The Mail approached Meta, which also owns Instagram. Meta did not wish to comment on this case, but a spokesperson said that the company supports the use of StopNCII.org, a tool that helps end the non-consensual sharing of intimate images.
‘We’ve invested heavily in strengthening our technology to keep fake accounts off Facebook and Instagram,’ they added.
Although the authorities insist they are doing their best to combat sextortion, these gangs are operating outside Britain, mainly in the Philippines but also in Romania, Morocco and the Ivory Coast.
Any investigation abroad requires massive resources. And the problem is that the public often blames the victims themselves for falling to the perpetrators.
This can risk looking like a case of clear double standards. When an unwitting person, perhaps an older or more vulnerable individual, falls victim to financial scammers and loses their money, we feel sympathy for them.
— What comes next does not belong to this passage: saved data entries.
lemma pinned_coupling_coercive:
  fixes L :: "real^'m^'m" and P :: "real^'n^'n" and B :: "real^'k^'n" and p :: 'm
  assumes L_irr: "irreducible_matrix L"
    and L_offdiag: "\<And>i j. i \<noteq> j \<Longrightarrow> L $ i $ j \<ge> 0"
    and L_rowsum: "\<And>i. (\<Sum>j\<in>UNIV. L $ i $ j) = 0"
    and \<xi>_pos: "\<And>i. \<xi> i > 0"
    and \<xi>_left: "\<And>j. (\<Sum>i\<in>UNIV. \<xi> i * L $ i $ j) = 0"
    and \<epsilon>_pos: "\<epsilon> > 0" and P_pd: "pos_def_matrix P"
  shows "\<exists>\<kappa>>0. \<forall>e::'m \<Rightarrow> real^'n. \<kappa> * (\<Sum>i\<in>UNIV. (norm (transpose B *v e i))\<^sup>2)
           \<le> - (\<Sum>i\<in>UNIV. \<Sum>j\<in>UNIV. \<xi> i * L $ i $ j * ((transpose B *v e i) \<bullet> (transpose B *v e j)))
             + \<epsilon> * \<xi> p * (e p \<bullet> (P *v e p))"
proof -
  obtain \<mu> where \<mu>: "\<mu> > 0" "\<And>x. \<mu> * (norm x)\<^sup>2 \<le> x \<bullet> (P *v x)"
    using pos_def_matrix_lower_bound[OF P_pd] by blast
  obtain K where K: "K > 0" "\<And>x. norm (transpose B *v x) \<le> K * norm x"
    using linear_bounded_pos[OF matrix_vector_mul_linear[of "transpose B"]] by blast
  (* The diagonal of L is nonpositive, but diagonal weights only multiply y_i - y_i = 0. *)
  define w where "w i j = (if i = j then 0 else \<xi> i * L $ i $ j / 2)" for i j
  define \<beta> where "\<beta> = \<epsilon> * \<xi> p * \<mu> / K\<^sup>2"
  have "\<exists>\<kappa>>0. \<forall>y::(real^'k)^'m. \<kappa> * (\<Sum>i\<in>UNIV. (norm (y $ i))\<^sup>2)
      \<le> (\<Sum>i\<in>UNIV. \<Sum>j\<in>UNIV. w i j * (norm (y $ i - y $ j))\<^sup>2) + \<beta> * (norm (y $ p))\<^sup>2"
  proof (rule pinned_graph_energy_lower_bound)
    show "w i j \<ge> 0" for i j unfolding w_def using \<xi>_pos[of i] L_offdiag[of i j] by simp
    show "\<beta> > 0" unfolding \<beta>_def using \<epsilon>_pos \<xi>_pos[of p] \<mu>(1) K(1) by simp
    fix I assume "p \<in> I" "I \<noteq> UNIV"
    then obtain i j where "i \<in> I" "j \<notin> I" "L $ i $ j \<noteq> 0"
      using L_irr unfolding irreducible_matrix_def by blast
    moreover from this have "w i j > 0"
      unfolding w_def using L_offdiag[of i j] \<xi>_pos[of i] by auto
    ultimately show "\<exists>i\<in>I. \<exists>j. j \<notin> I \<and> w i j > 0" by blast
  qed
  then obtain \<kappa> where \<kappa>: "\<kappa> > 0" and energy: "\<And>y::(real^'k)^'m. \<kappa> * (\<Sum>i\<in>UNIV. (norm (y $ i))\<^sup>2)
      \<le> (\<Sum>i\<in>UNIV. \<Sum>j\<in>UNIV. w i j * (norm (y $ i - y $ j))\<^sup>2) + \<beta> * (norm (y $ p))\<^sup>2"
    by blast
  have "\<kappa> * (\<Sum>i\<in>UNIV. (norm (transpose B *v e i))\<^sup>2)
      \<le> - (\<Sum>i\<in>UNIV. \<Sum>j\<in>UNIV. \<xi> i * L $ i $ j * ((transpose B *v e i) \<bullet> (transpose B *v e j)))
        + \<epsilon> * \<xi> p * (e p \<bullet> (P *v e p))" for e :: "'m \<Rightarrow> real^'n"
  proof -
    define Y where "Y i = transpose B *v e i" for i
    have "(\<Sum>i\<in>UNIV. \<Sum>j\<in>UNIV. w i j * (norm (Y i - Y j))\<^sup>2)
        = (1/2) * (\<Sum>i\<in>UNIV. \<Sum>j\<in>UNIV. \<xi> i * L $ i $ j * (norm (Y i - Y j))\<^sup>2)"
      unfolding sum_distrib_left by (intro sum.cong refl) (auto simp: w_def)
    also have "\<dots> = - (\<Sum>i\<in>UNIV. \<Sum>j\<in>UNIV. \<xi> i * L $ i $ j * (Y i \<bullet> Y j))"
      using weighted_laplacian_inner_sum[OF L_rowsum \<xi>_left, of Y] by simp
    finally have coupling: "(\<Sum>i\<in>UNIV. \<Sum>j\<in>UNIV. w i j * (norm (Y i - Y j))\<^sup>2)
        = - (\<Sum>i\<in>UNIV. \<Sum>j\<in>UNIV. \<xi> i * L $ i $ j * (Y i \<bullet> Y j))" .
    have "\<beta> * (norm (Y p))\<^sup>2 \<le> \<epsilon> * \<xi> p * \<mu> * (norm (e p))\<^sup>2"
    proof -
      have "(norm (Y p))\<^sup>2 \<le> K\<^sup>2 * (norm (e p))\<^sup>2"
        unfolding Y_def power_mult_distrib[symmetric] by (rule power_mono[OF K(2)]) simp
      then show ?thesis
        unfolding \<beta>_def using \<epsilon>_pos \<xi>_pos[of p] \<mu>(1) K(1)
        by (simp add: field_simps mult_left_mono)
    qed
    also have "\<dots> \<le> \<epsilon> * \<xi> p * (e p \<bullet> (P *v e p))"
      using \<mu>(2)[of "e p"] \<epsilon>_pos \<xi>_pos[of p] by (simp add: mult.assoc)
    finally have pinning: "\<beta> * (norm (Y p))\<^sup>2 \<le> \<epsilon> * \<xi> p * (e p \<bullet> (P *v e p))" .
    show ?thesis
      using energy[of "\<chi> i. Y i"] coupling pinning unfolding Y_def by simp
  qed
  with \<kappa> show ?thesis by blast
qed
But when a similarly unwitting person shares intimate pictures with someone whom they believe to be a willing partner, and is then blackmailed for them, often society takes the view that it’s their own stupid fault.
And whether we like it or not, millions of people — and probably a majority of younger people — do send intimate pictures of themselves to their partners.
Dr Calli Tzani, an investigative psychologist at Huddersfield University, told the Mail: ‘Of course, it’s common sense not to send intimate pictures to anyone. But sextortion has become such a problem that unless we do something about it, we may find more lives ruined, more suicides, more families devastated.
‘Is it right that so many innocent people should suffer from a single, simple mistake?’
- Carl’s account came via a third party involved in helping victims. His name was changed to protect his identity. Stop.NCII.org can be downloaded free of charge.